Material for this task START

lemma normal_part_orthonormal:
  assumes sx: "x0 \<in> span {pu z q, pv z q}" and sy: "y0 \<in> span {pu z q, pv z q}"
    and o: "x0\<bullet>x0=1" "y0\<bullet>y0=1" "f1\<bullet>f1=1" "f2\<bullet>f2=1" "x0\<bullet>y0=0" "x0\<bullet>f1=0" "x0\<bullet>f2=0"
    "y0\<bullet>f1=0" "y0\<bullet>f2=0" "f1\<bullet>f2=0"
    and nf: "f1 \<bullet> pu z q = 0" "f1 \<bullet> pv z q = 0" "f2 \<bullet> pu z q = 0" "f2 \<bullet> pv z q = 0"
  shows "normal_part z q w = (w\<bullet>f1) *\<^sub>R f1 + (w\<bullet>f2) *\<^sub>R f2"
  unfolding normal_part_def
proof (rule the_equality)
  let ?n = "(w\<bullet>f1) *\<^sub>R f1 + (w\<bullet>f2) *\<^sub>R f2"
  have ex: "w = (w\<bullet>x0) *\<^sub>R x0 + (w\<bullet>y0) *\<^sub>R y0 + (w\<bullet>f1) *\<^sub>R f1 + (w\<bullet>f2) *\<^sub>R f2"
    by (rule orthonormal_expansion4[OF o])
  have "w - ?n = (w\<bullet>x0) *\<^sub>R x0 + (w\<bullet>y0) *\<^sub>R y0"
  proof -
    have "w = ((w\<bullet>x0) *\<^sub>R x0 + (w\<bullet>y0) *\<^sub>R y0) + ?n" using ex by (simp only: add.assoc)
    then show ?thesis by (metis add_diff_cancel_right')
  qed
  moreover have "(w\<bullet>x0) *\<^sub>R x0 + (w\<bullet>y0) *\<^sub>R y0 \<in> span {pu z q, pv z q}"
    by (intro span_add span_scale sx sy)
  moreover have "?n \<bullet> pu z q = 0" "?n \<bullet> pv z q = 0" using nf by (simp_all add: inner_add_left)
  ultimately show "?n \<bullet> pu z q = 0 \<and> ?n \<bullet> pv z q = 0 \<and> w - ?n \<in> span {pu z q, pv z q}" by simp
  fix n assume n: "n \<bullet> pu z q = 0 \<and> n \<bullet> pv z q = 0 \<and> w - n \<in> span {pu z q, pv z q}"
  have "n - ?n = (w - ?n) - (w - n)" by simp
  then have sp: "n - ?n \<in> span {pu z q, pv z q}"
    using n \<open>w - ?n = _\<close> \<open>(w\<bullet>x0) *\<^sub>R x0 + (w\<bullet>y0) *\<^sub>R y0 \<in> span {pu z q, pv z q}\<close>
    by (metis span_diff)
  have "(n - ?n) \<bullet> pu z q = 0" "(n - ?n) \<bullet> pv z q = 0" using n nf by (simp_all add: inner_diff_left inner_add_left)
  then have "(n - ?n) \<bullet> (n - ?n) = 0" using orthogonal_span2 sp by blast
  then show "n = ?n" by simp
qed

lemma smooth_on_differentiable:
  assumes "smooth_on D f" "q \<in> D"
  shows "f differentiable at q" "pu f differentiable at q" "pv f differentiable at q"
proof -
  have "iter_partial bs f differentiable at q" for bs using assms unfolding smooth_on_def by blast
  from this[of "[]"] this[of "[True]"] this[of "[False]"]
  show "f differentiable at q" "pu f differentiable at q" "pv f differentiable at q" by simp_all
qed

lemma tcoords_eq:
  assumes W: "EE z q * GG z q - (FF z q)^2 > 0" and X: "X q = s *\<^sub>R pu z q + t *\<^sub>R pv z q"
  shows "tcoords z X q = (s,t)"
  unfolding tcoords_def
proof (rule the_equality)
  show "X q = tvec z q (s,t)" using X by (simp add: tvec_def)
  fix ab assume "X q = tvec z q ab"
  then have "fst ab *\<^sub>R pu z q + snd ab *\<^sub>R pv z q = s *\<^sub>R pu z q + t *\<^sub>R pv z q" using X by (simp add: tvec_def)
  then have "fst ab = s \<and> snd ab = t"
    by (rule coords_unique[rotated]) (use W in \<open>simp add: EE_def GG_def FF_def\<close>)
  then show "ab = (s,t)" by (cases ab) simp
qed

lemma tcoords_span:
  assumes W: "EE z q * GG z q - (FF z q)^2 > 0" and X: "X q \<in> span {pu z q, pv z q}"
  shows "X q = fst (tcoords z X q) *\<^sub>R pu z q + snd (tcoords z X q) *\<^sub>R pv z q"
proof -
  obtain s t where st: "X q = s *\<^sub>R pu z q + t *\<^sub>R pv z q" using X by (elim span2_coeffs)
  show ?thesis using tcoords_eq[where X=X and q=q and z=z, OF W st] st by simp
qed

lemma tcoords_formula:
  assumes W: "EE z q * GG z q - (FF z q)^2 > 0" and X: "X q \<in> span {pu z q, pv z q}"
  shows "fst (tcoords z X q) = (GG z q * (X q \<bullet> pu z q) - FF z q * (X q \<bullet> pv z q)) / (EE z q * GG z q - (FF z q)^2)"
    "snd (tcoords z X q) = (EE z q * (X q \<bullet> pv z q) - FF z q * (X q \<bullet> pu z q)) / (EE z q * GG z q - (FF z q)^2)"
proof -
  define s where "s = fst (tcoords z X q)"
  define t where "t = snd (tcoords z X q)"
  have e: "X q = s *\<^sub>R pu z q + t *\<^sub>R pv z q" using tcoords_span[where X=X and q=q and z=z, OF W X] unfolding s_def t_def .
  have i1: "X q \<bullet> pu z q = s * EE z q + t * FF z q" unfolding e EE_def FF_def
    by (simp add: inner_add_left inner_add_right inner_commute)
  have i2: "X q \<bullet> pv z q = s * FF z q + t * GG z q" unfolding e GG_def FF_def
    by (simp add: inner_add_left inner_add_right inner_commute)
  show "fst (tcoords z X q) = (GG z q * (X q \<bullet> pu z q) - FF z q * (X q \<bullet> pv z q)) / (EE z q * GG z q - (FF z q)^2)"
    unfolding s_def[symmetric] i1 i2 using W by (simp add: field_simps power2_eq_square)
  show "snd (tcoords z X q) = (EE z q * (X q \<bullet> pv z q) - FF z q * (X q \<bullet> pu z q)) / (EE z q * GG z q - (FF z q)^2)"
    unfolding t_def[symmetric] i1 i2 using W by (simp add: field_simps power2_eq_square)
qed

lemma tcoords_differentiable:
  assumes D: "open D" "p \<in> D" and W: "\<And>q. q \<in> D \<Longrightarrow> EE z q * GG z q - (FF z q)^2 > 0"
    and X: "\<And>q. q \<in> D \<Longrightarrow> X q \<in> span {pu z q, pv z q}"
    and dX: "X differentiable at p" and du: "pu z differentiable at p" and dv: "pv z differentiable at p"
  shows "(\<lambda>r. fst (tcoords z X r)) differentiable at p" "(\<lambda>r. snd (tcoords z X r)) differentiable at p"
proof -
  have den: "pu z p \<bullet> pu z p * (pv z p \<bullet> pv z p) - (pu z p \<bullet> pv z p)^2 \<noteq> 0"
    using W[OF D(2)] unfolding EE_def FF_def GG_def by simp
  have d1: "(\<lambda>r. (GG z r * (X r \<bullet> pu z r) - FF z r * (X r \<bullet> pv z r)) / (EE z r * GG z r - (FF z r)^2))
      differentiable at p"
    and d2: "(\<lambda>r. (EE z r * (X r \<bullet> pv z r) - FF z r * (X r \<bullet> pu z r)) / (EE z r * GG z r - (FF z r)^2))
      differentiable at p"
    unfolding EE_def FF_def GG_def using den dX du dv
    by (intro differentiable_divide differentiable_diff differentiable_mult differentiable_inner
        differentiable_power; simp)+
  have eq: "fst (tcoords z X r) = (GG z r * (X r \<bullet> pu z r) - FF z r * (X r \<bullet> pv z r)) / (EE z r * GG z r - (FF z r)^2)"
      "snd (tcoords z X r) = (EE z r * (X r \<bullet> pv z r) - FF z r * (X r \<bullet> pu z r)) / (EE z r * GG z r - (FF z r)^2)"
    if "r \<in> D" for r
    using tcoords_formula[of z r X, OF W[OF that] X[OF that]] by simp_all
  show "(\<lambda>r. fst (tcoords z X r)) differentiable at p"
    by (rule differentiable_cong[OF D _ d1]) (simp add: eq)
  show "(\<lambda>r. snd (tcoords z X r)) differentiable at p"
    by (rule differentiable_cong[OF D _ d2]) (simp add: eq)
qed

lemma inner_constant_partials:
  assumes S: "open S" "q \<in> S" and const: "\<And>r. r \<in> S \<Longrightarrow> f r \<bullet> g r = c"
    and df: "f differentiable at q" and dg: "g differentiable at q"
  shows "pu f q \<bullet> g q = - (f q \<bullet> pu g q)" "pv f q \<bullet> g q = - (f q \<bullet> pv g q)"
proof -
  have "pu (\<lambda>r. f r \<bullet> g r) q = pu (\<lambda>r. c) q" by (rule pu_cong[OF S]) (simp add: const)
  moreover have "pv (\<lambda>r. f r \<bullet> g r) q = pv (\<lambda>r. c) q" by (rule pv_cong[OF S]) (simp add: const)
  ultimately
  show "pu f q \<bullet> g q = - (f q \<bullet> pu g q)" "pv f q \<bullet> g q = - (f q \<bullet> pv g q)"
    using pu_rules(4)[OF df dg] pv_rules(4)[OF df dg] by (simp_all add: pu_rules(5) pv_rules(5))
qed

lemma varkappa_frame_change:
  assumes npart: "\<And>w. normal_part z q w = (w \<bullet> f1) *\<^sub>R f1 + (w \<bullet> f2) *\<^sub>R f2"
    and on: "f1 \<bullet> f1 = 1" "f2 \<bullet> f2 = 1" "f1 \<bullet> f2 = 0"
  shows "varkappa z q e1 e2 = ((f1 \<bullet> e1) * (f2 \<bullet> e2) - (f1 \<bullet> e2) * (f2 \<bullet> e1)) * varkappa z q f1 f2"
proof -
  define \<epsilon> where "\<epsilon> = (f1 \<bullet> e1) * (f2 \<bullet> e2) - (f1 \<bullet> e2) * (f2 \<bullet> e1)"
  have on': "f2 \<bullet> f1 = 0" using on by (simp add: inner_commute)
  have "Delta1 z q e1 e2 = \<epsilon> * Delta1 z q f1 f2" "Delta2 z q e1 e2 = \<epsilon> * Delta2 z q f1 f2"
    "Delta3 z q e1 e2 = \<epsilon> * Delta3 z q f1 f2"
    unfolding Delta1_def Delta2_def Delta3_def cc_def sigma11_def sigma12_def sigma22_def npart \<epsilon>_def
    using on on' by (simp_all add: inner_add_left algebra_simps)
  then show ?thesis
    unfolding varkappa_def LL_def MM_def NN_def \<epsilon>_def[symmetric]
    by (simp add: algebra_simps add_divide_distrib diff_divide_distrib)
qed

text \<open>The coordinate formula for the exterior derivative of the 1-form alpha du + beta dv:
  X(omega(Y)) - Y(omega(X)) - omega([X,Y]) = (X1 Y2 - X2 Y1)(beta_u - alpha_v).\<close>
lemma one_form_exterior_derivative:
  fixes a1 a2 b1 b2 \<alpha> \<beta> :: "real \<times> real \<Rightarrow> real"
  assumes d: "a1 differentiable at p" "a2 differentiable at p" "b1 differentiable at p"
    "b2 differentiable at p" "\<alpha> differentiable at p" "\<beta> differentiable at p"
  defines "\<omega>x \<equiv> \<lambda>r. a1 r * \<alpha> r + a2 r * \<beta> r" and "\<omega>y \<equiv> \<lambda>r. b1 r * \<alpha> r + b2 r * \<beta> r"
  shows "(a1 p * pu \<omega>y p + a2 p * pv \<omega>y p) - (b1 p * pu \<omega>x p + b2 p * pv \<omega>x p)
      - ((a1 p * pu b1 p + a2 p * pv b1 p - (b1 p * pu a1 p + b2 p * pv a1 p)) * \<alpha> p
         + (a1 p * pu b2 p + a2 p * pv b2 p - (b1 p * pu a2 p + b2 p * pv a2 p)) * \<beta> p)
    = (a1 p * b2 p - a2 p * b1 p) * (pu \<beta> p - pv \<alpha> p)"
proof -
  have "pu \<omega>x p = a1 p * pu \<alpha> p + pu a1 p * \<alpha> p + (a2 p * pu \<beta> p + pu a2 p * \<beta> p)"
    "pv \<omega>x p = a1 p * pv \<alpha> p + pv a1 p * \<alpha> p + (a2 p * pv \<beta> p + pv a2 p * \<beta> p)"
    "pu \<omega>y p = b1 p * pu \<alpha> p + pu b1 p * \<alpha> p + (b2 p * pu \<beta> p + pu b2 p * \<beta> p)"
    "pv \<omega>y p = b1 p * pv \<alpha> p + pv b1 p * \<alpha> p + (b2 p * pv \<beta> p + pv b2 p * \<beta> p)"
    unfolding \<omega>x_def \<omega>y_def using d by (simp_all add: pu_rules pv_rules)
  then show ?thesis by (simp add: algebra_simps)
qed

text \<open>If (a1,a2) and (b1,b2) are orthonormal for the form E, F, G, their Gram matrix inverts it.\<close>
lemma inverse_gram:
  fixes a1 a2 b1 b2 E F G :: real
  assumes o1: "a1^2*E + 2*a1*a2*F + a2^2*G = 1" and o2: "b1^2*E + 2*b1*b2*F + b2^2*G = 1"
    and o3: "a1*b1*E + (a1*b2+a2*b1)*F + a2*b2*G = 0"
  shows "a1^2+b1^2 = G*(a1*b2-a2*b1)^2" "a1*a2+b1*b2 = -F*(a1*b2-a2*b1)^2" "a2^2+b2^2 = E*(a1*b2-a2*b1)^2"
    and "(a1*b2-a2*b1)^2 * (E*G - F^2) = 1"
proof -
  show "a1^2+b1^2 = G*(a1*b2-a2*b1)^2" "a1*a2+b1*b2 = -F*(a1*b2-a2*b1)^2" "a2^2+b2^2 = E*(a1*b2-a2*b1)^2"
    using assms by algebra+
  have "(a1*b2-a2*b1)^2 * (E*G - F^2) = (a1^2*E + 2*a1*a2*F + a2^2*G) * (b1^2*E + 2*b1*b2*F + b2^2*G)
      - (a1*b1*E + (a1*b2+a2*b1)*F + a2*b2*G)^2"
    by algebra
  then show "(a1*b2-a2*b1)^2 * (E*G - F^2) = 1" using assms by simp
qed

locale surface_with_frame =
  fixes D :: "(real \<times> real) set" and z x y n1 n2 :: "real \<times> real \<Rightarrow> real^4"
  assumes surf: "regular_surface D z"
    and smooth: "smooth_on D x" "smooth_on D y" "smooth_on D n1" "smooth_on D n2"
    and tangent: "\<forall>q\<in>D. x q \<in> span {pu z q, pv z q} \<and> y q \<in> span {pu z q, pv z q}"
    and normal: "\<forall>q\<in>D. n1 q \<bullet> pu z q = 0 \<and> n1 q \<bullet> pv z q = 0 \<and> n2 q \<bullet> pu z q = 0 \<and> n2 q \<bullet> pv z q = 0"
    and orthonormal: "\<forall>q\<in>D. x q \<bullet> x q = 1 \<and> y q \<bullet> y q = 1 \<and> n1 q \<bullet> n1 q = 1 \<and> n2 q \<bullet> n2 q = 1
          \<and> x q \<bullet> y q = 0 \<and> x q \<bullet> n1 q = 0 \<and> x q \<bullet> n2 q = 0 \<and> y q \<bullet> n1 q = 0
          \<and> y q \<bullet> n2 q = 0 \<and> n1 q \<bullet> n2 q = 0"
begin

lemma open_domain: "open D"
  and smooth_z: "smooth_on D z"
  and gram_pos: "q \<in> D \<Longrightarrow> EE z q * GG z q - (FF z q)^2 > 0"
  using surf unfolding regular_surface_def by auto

Material for this task END
Material for this task START

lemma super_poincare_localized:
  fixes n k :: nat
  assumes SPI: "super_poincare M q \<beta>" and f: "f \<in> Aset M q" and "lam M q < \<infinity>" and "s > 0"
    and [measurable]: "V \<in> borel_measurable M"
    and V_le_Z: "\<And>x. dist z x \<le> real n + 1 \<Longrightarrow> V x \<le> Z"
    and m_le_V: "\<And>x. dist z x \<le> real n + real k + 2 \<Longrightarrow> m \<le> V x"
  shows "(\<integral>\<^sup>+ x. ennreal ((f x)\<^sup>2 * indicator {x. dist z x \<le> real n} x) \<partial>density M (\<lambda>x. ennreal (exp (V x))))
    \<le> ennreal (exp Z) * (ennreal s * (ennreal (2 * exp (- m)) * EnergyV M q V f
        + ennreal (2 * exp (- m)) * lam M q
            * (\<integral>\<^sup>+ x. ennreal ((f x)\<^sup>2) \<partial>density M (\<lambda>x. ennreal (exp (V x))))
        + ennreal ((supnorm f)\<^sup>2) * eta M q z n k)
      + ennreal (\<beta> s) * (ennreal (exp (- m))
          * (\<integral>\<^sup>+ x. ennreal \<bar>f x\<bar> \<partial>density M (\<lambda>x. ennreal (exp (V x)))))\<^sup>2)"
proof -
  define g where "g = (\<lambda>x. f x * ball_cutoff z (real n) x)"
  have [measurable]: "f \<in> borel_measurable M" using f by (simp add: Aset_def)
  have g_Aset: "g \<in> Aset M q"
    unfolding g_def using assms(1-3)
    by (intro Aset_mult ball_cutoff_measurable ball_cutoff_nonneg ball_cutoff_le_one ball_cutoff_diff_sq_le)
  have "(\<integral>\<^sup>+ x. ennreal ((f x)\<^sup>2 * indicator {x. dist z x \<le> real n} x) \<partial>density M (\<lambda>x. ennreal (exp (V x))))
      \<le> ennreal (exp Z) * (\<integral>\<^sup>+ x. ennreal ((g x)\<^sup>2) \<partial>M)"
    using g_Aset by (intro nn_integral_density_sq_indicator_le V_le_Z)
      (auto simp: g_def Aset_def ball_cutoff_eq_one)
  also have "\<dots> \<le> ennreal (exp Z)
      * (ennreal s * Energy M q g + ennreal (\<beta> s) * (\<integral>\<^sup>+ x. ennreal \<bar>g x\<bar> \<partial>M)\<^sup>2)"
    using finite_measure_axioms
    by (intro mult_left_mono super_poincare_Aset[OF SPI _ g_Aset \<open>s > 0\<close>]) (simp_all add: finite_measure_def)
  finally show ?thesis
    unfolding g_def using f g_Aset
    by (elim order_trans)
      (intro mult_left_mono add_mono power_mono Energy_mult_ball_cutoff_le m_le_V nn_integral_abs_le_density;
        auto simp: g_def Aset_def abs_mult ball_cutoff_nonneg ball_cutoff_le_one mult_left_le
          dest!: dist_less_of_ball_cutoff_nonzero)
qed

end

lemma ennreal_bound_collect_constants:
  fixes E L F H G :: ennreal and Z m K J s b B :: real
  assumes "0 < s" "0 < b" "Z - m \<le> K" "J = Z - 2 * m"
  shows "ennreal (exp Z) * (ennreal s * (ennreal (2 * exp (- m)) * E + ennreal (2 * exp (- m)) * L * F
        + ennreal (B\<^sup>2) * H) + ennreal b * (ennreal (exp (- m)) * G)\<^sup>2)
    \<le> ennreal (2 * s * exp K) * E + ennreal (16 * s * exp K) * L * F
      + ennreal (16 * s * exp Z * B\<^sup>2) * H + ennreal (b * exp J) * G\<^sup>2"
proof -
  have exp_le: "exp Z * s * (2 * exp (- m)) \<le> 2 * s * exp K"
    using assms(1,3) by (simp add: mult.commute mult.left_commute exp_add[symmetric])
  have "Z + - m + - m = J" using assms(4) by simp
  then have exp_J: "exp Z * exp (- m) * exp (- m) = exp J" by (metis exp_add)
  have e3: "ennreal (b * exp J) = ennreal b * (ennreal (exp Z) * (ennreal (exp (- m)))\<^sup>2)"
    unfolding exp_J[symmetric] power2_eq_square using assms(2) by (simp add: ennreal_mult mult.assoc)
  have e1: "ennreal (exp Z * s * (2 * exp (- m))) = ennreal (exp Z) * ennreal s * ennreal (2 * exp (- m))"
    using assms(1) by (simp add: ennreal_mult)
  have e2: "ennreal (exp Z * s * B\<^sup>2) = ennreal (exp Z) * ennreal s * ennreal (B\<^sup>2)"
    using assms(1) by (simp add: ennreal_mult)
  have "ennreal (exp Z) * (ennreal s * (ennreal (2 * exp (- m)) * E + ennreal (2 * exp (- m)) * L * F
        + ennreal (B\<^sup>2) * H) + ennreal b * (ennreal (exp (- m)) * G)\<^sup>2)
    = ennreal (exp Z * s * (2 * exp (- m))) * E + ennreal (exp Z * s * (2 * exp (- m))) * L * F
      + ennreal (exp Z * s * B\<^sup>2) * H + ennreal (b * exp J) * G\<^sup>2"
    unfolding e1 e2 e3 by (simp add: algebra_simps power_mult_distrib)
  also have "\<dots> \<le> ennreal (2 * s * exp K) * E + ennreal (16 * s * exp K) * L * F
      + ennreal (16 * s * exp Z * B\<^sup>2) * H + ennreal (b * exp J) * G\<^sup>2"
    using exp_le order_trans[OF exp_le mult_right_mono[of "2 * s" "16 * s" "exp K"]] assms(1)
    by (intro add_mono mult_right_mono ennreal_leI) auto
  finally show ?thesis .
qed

Material for this task END

» **Your assignment**: Retype only the stretch of lines above starting at the one with "fixes a1 a2 b1 b2 \<alpha>" and stopping at the one with "a1 p * pu \<alpha>", exactly as written, with both kept.

» **Response to this task**:
  fixes a1 a2 b1 b2 \<alpha> \<beta> :: "real \<times> real \<Rightarrow> real"
  assumes d: "a1 differentiable at p" "a2 differentiable at p" "b1 differentiable at p"
    "b2 differentiable at p" "\<alpha> differentiable at p" "\<beta> differentiable at p"
  defines "\<omega>x \<equiv> \<lambda>r. a1 r * \<alpha> r + a2 r * \<beta> r" and "\<omega>y \<equiv> \<lambda>r. b1 r * \<alpha> r + b2 r * \<beta> r"
  shows "(a1 p * pu \<omega>y p + a2 p * pv \<omega>y p) - (b1 p * pu \<omega>x p + b2 p * pv \<omega>x p)
      - ((a1 p * pu b1 p + a2 p * pv b1 p - (b1 p * pu a1 p + b2 p * pv a1 p)) * \<alpha> p
         + (a1 p * pu b2 p + a2 p * pv b2 p - (b1 p * pu a2 p + b2 p * pv a2 p)) * \<beta> p)
    = (a1 p * b2 p - a2 p * b1 p) * (pu \<beta> p - pv \<alpha> p)"
proof -
  have "pu \<omega>x p = a1 p * pu \<alpha> p + pu a1 p * \<alpha> p + (a2 p * pu \<beta> p + pu a2 p * \<beta> p)"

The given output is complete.